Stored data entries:
──────
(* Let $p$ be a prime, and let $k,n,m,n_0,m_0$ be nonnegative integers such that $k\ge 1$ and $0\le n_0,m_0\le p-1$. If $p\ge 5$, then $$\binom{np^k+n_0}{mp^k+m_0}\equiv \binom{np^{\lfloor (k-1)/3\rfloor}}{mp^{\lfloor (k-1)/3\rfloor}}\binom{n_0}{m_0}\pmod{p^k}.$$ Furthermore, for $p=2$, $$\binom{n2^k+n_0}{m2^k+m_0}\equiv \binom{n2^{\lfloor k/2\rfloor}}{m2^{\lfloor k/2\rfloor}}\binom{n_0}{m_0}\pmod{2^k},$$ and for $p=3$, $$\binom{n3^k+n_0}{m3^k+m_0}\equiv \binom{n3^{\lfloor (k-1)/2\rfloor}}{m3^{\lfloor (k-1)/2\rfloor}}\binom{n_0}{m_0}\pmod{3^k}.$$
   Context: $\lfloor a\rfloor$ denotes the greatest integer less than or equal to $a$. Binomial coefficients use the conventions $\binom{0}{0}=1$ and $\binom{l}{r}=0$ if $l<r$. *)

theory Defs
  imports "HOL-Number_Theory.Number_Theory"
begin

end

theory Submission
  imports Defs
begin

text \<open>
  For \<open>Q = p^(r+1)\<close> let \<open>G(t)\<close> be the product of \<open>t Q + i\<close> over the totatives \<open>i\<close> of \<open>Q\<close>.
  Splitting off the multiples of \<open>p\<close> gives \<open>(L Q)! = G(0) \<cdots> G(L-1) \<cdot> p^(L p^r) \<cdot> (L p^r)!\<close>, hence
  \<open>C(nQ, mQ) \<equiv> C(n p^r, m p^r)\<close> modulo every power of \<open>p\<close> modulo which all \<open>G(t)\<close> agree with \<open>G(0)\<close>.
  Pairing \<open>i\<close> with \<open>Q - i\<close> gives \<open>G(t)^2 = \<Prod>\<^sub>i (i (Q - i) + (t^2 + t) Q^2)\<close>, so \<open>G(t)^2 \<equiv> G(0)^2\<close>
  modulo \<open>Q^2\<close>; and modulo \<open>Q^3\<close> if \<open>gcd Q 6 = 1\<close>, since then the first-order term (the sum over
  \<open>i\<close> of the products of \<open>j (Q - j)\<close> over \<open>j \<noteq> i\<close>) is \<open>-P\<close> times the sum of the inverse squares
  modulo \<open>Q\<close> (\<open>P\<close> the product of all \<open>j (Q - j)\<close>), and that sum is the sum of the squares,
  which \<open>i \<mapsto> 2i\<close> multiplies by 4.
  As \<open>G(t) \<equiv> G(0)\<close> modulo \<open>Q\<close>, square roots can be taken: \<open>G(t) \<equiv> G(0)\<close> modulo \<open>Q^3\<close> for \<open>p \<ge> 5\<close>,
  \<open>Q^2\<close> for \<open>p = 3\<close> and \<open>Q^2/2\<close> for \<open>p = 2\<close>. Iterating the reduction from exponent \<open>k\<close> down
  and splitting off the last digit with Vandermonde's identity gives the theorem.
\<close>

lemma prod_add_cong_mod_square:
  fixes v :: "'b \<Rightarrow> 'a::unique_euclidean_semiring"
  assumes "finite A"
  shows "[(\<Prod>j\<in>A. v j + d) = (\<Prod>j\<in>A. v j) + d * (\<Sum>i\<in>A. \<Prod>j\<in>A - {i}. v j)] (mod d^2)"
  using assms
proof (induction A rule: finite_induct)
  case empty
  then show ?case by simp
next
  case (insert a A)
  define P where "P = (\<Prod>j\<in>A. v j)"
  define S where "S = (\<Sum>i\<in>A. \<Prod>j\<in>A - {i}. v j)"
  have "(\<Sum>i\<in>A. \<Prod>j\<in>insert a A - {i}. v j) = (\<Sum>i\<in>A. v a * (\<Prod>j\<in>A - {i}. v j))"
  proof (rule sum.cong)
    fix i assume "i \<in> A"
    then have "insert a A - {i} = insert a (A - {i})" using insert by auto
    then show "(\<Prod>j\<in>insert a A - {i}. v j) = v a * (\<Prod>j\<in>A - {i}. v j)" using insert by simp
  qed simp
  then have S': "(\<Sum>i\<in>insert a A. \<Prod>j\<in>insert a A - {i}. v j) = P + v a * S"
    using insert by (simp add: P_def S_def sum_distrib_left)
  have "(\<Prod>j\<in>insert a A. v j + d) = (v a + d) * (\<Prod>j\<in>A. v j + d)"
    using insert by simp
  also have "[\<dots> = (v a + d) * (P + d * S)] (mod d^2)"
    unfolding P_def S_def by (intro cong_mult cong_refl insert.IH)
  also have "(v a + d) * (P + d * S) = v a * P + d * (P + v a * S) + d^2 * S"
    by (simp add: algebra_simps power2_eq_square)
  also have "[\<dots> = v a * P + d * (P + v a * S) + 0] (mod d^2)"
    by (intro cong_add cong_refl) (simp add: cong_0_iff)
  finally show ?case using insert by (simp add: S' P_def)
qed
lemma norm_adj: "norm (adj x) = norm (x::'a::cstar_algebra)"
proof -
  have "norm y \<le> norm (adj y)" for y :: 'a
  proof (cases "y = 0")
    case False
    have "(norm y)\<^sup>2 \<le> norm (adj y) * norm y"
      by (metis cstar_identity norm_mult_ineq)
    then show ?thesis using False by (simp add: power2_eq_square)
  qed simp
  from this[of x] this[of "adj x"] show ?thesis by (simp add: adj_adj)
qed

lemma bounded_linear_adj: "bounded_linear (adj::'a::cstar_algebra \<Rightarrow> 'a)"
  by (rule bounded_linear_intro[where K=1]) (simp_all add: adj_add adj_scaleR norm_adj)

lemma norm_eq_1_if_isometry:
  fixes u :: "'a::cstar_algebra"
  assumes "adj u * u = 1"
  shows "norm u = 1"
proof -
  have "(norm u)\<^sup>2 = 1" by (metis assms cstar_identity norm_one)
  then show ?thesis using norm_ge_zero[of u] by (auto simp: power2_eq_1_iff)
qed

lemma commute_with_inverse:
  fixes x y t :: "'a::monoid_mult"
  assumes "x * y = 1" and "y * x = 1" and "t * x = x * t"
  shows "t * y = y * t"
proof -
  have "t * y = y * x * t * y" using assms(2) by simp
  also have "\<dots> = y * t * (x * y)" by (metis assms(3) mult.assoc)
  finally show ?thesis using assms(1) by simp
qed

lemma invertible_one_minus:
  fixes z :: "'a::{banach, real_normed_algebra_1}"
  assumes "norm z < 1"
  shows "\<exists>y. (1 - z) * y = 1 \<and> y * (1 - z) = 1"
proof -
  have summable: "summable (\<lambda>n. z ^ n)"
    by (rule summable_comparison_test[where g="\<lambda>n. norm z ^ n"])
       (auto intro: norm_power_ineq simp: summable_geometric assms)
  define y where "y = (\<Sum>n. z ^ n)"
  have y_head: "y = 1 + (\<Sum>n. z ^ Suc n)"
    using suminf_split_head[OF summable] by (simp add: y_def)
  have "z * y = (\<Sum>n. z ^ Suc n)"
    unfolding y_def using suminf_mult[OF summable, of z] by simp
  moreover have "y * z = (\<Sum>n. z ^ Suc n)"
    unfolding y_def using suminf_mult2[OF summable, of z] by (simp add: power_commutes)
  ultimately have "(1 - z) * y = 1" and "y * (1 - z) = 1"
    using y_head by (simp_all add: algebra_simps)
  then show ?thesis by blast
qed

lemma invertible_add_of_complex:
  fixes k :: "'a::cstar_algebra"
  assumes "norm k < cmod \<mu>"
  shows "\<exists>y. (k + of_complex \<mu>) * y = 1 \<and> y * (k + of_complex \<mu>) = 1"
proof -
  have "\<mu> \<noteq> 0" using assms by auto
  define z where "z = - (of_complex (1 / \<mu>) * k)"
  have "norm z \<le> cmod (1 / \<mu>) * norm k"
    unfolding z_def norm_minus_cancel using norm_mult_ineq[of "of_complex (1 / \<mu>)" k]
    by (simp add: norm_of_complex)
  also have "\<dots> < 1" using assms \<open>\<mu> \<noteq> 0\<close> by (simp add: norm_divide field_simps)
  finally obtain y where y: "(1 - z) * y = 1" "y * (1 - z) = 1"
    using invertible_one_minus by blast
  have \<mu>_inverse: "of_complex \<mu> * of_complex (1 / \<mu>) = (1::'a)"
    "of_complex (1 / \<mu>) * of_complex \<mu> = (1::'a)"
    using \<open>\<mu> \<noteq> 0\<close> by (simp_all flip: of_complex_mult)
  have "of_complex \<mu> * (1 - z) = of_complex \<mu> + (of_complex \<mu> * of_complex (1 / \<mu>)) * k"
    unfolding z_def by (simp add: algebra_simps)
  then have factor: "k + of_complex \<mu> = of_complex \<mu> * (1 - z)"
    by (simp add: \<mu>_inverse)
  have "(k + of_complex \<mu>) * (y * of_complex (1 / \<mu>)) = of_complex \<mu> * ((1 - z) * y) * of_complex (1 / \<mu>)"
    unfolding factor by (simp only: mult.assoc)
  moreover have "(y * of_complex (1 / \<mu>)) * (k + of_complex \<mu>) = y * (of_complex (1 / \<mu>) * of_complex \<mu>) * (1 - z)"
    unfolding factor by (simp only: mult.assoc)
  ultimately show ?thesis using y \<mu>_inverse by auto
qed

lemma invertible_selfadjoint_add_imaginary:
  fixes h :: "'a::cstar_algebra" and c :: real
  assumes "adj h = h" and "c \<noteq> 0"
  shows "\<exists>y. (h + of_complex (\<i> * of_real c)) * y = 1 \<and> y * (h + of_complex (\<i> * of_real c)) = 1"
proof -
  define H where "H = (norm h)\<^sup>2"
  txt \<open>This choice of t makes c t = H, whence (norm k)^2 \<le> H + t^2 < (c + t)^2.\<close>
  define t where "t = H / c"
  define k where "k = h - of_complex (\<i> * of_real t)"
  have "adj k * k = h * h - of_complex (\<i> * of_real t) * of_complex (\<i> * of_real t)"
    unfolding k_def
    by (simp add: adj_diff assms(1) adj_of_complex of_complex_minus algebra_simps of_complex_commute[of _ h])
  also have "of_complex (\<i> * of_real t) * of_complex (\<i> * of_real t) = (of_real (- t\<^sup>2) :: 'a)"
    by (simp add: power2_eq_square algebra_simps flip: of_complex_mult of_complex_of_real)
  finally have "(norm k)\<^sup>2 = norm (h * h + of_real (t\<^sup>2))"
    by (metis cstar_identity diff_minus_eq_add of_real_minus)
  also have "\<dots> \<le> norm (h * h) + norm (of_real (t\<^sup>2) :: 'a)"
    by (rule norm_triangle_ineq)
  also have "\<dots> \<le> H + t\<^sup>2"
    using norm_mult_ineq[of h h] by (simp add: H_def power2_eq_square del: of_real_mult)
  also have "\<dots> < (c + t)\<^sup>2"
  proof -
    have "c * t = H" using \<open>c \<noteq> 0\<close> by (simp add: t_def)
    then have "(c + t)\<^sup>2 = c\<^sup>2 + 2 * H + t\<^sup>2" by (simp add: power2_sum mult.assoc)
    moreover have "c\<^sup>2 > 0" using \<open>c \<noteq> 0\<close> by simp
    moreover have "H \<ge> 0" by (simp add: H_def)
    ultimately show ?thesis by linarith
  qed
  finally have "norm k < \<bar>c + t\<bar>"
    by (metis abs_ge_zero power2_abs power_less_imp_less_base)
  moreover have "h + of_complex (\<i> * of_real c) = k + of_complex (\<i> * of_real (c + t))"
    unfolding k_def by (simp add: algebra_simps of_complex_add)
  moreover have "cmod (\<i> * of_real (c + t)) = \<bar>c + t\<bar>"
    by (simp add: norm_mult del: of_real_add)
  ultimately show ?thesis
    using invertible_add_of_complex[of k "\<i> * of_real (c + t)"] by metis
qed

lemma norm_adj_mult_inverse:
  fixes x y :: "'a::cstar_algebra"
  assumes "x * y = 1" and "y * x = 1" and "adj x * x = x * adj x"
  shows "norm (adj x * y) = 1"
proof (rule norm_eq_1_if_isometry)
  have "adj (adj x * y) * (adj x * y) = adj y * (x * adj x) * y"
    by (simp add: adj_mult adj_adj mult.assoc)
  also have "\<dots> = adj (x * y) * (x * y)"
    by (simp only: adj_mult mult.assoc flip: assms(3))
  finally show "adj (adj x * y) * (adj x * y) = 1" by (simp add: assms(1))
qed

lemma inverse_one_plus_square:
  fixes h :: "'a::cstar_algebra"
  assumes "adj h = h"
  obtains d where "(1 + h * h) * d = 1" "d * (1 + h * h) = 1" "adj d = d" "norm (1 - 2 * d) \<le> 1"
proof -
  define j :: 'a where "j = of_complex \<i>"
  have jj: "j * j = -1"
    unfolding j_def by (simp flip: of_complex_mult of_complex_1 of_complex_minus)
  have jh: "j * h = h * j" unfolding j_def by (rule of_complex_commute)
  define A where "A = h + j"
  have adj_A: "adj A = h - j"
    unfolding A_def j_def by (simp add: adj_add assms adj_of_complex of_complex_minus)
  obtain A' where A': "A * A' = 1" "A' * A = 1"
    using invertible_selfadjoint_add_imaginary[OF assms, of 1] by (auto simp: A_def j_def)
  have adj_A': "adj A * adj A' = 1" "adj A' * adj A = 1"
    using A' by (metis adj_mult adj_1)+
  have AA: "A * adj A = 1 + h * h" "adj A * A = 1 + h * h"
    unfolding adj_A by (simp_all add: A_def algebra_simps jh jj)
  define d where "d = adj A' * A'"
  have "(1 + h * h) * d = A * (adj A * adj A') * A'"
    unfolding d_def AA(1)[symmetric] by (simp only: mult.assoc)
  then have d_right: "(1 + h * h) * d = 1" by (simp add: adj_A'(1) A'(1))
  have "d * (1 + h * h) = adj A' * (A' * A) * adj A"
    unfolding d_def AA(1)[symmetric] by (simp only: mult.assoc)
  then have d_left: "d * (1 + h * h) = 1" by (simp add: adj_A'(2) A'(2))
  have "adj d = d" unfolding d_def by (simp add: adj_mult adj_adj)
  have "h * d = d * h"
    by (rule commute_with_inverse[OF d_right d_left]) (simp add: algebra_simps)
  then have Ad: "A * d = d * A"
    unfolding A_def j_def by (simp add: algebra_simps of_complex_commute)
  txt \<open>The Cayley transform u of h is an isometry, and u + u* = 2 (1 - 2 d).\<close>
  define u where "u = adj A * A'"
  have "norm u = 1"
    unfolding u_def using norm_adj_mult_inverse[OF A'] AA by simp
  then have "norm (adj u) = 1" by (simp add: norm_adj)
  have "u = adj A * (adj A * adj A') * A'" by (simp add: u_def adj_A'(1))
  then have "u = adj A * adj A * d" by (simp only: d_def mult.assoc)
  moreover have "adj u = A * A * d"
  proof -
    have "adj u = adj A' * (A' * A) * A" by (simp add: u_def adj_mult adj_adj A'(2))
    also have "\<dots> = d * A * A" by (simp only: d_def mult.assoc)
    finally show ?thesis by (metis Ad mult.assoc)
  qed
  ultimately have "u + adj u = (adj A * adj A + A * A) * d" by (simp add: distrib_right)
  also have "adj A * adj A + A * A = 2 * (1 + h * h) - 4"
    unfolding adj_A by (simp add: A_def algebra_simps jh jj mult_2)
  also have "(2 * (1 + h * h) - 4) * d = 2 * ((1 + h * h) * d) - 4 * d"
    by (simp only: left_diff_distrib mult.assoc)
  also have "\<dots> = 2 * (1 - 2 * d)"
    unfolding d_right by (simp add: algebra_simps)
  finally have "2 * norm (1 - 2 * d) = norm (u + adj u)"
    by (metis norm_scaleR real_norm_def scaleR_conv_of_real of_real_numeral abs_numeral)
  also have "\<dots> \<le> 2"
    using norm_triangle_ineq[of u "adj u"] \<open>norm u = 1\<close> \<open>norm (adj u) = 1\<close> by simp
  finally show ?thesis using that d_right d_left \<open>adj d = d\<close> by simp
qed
──────
Problem to work on ->
Above are the records; from them, give again exactly the lines from the one containing "(simp add: H_def)" to the one containing "t)) = \<bar>c", both lines included, and nothing more.

Exercise answer ->
    moreover have "H \<ge> 0" by (simp add: H_def)
    ultimately show ?thesis by linarith
  qed
  finally have "norm k < \<bar>c + t\<bar>"
    by (metis abs_ge_zero power2_abs power_less_imp_less_base)
  moreover have "h + of_complex (\<i> * of_real c) = k + of_complex (\<i> * of_real (c + t))"
    unfolding k_def by (simp add: algebra_simps of_complex_add)
  moreover have "cmod (\<i> * of_real (c + t)) = \<bar>c + t\<bar>"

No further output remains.